GOAL OF THE EXERCISE: Show, in full, each line of the data that contains "rparr".

Stored data:
##############################
(* Let $R \to S$ be a ring homomorphism with the stable prime extension property. (a) If $R$ and $S$ are quasilocal with maximal ideals $\mathfrak{m}$ and $\mathfrak{n}$ and $R \to S$ is a local homomorphism, then the kernel of $R \to S$ is contained in the nilradical of $R$; in particular, if $R$ is reduced then $R \to S$ is injective. (b) For every prime ideal $P$ of $R$, either $PS = S$ or the contraction of $PS$ to $R$ equals $P$.
   Context: All rings are commutative with identity. A ring homomorphism $R \to S$ has the prime extension property if for every prime ideal $P$ of $R$, $PS$ is prime in $S$ or $PS = S$; it has the stable prime extension property if for every $n \ge 0$, $R[X_1,\dots,X_n] \to S[X_1,\dots,X_n]$ has the prime extension property. A quasilocal ring is a ring with a unique maximal ideal (not necessarily Noetherian). *)

theory Defs
  imports "HOL-Algebra.Algebra" "HOL-Library.Poly_Mapping"
begin

definition type_ring :: "('a::comm_ring_1) ring" where
  "type_ring = \<lparr>carrier = UNIV, monoid.mult = (*), one = 1, ring.zero = 0, add = (+)\<rparr>"

text \<open>The polynomial ring A[X_0,...,X_{n-1}]: polynomials are finitely supported maps
  from monomials (finitely supported exponent vectors) to coefficients, restricted to
  monomials that only involve the first n variables.\<close>
definition mpoly_ring :: "nat \<Rightarrow> (((nat \<Rightarrow>\<^sub>0 nat) \<Rightarrow>\<^sub>0 'a::comm_ring_1) ring)" where
  "mpoly_ring n = \<lparr>carrier = {p. \<forall>m\<in>Poly_Mapping.keys p. Poly_Mapping.keys m \<subseteq> {..<n}},
                   monoid.mult = (*), one = 1, ring.zero = 0, add = (+)\<rparr>"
##############################
ANSWER SPACE:
  "type_ring = \<lparr>carrier = UNIV, monoid.mult = (*), one = 1, ring.zero = 0, add = (+)\<rparr>"
                   monoid.mult = (*), one = 1, ring.zero = 0, add = (+)\<rparr>"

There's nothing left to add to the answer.